Collected data:
(* The genus $g$ partition function $Z_V^{(g)}$ satisfies $\mathcal L_rZ_V^{(g)}=0$ for $r=-1,0,1$, where \begin{align*} \mathcal L_{-1}&=-\sum_{a\in\mathcal I}\partial_{w_a},\qquad \mathcal L_0=-\sum_{a\in\mathcal I}w_a\partial_{w_a}-2\sum_{a\in\mathcal I_+}\rho_a\partial_{\rho_a},\\ \mathcal L_1&=-\sum_{a\in\mathcal I}(w_a^2+\rho_{|a|})\partial_{w_a}-2\sum_{a\in\mathcal I_+}(w_a+w_{-a})\rho_a\partial_{\rho_a}. \end{align*}
   Context: $V=\bigoplus_{n\ge0}V_n$ is a simple, self-dual vertex operator algebra of strong CFT type ($V_0=\mathbb C\mathbb1$, $L(1)V_1=0$) with Virasoro modes $L(n)$ and $\mathrm{wt}(v)=n$ for $v\in V_n$. $\langle\cdot,\cdot\rangle_1$ is the unique invariant bilinear form with $\langle\mathbb1,\mathbb1\rangle_1=1$. Genus zero $n$-point function: $Z^{(0)}(v_1,y_1;\dots;v_n,y_n)=\langle\mathbb1,Y(v_1,y_1)\cdots Y(v_n,y_n)\mathbb1\rangle_1$. Let $g\ge1$, $\mathcal I=\{\pm1,\dots,\pm g\}$, $\mathcal I_+=\{1,\dots,g\}$, formal variables $w_a$ ($a\in\mathcal I$), $\rho_a$ ($a\in\mathcal I_+$). For each $a\in\mathcal I_+$ let $b_a$ run over a homogeneous basis of $V$, $\bar b_a$ the dual basis for $\langle\cdot,\cdot\rangle_1$, and $b_{-a}=\rho_a^{\mathrm{wt}(b_a)}\bar b_a$. The genus $g$ formal $n$-point function is $Z_V^{(g)}(v_1,y_1;\dots;v_n,y_n)=\sum_{b_1,\dots,b_g}Z^{(0)}(v_1,y_1;\dots;v_n,y_n;b_{-1},w_{-1};b_1,w_1;\dots;b_{-g},w_{-g};b_g,w_g)$ (formal power series in the $\rho_a$), and the partition function $Z_V^{(g)}$ is the case $n=0$. *)

theory Defs
  imports Complex_Main "HOL-Library.FuncSet"
begin

(* A vertex operator algebra is modelled on a type 'v with a complex scalar
   multiplication sm :: complex => 'v => 'v.  The vertex operator is given by
   its modes:  Y u n v = u_n v, i.e.  Y(u,z) = sum_n u_n z^(-n-1). *)

type_synonym 'v vmodes = "'v \<Rightarrow> int \<Rightarrow> 'v \<Rightarrow> 'v"

definition Lv :: "'v vmodes \<Rightarrow> 'v \<Rightarrow> int \<Rightarrow> 'v \<Rightarrow> 'v" where
  "Lv Y om m = Y om (m + 1)"

definition wt_space :: "(complex \<Rightarrow> 'v \<Rightarrow> 'v) \<Rightarrow> 'v vmodes \<Rightarrow> 'v \<Rightarrow> nat \<Rightarrow> 'v set" where
  "wt_space sm Y om n = {v. Lv Y om 0 v = sm (of_nat n) v}"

**What you should do**
Lines holding "Rightarrow" in the data above: copy each of them.

**Task result**
type_synonym 'v vmodes = "'v \<Rightarrow> int \<Rightarrow> 'v \<Rightarrow> 'v"
definition Lv :: "'v vmodes \<Rightarrow> 'v \<Rightarrow> int \<Rightarrow> 'v \<Rightarrow> 'v" where
definition wt_space :: "(complex \<Rightarrow> 'v \<Rightarrow> 'v) \<Rightarrow> 'v vmodes \<Rightarrow> 'v \<Rightarrow> nat \<Rightarrow> 'v set" where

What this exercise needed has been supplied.